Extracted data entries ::

#####

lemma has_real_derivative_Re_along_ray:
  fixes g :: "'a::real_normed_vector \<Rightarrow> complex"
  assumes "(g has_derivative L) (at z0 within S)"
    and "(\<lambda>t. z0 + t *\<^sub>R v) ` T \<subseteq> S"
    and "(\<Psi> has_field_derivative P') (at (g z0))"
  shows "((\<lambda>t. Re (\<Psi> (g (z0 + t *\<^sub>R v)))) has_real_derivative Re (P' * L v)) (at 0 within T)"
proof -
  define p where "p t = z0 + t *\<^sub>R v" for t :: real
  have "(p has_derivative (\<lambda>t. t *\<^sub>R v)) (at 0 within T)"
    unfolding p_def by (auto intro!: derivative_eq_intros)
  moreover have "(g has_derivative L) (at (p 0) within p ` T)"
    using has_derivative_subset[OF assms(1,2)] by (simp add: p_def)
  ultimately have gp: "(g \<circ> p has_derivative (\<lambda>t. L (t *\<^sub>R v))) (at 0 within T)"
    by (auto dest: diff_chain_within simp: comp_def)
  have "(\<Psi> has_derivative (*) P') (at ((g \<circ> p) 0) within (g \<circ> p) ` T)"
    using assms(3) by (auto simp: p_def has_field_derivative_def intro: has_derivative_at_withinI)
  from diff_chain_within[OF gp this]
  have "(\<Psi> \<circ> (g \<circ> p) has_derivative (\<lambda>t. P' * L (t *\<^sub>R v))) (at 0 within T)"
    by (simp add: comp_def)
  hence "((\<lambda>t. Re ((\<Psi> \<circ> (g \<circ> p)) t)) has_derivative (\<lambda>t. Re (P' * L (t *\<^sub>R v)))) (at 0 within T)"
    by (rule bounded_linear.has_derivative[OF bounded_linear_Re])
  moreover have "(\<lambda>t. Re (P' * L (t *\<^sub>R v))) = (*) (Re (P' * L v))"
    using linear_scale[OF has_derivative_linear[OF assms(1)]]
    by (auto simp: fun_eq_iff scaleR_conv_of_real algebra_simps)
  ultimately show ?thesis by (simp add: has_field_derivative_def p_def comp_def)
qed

#####

What you will do :: Output only the lines from the one that contains "has_derivative (\<lambda>t. t" through the last line of the data above, each restated exactly.

Answer area ::
  have "(p has_derivative (\<lambda>t. t *\<^sub>R v)) (at 0 within T)"
    unfolding p_def by (auto intro!: derivative_eq_intros)
  moreover have "(g has_derivative L) (at (p 0) within p ` T)"
    using has_derivative_subset[OF assms(1,2)] by (simp add: p_def)
  ultimately have gp: "(g \<circ> p has_derivative (\<lambda>t. L (t *\<^sub>R v))) (at 0 within T)"
    by (auto dest: diff_chain_within simp: comp_def)
  have "(\<Psi> has_derivative (*) P') (at ((g \<circ> p) 0) within (g \<circ> p) ` T)"
    using assms(3) by (auto simp: p_def has_field_derivative_def intro: has_derivative_at_withinI)
  from diff_chain_within[OF gp this]
  have "(\<Psi> \<circ> (g \<circ> p) has_derivative (\<lambda>t. P' * L (t *\<^sub>R v))) (at 0 within T)"
    by (simp add: comp_def)
  hence "((\<lambda>t. Re ((\<Psi> \<circ> (g \<circ> p)) t)) has_derivative (\<lambda>t. Re (P' * L (t *\<^sub>R v)))) (at 0 within T)"
    by (rule bounded_linear.has_derivative[OF bounded_linear_Re])
  moreover have "(\<lambda>t. Re (P' * L (t *\<^sub>R v))) = (*) (Re (P' * L v))"
    using linear_scale[OF has_derivative_linear[OF assms(1)]]
    by (auto simp: fun_eq_iff scaleR_conv_of_real algebra_simps)
  ultimately show ?thesis by (simp add: has_field_derivative_def p_def comp_def)
qed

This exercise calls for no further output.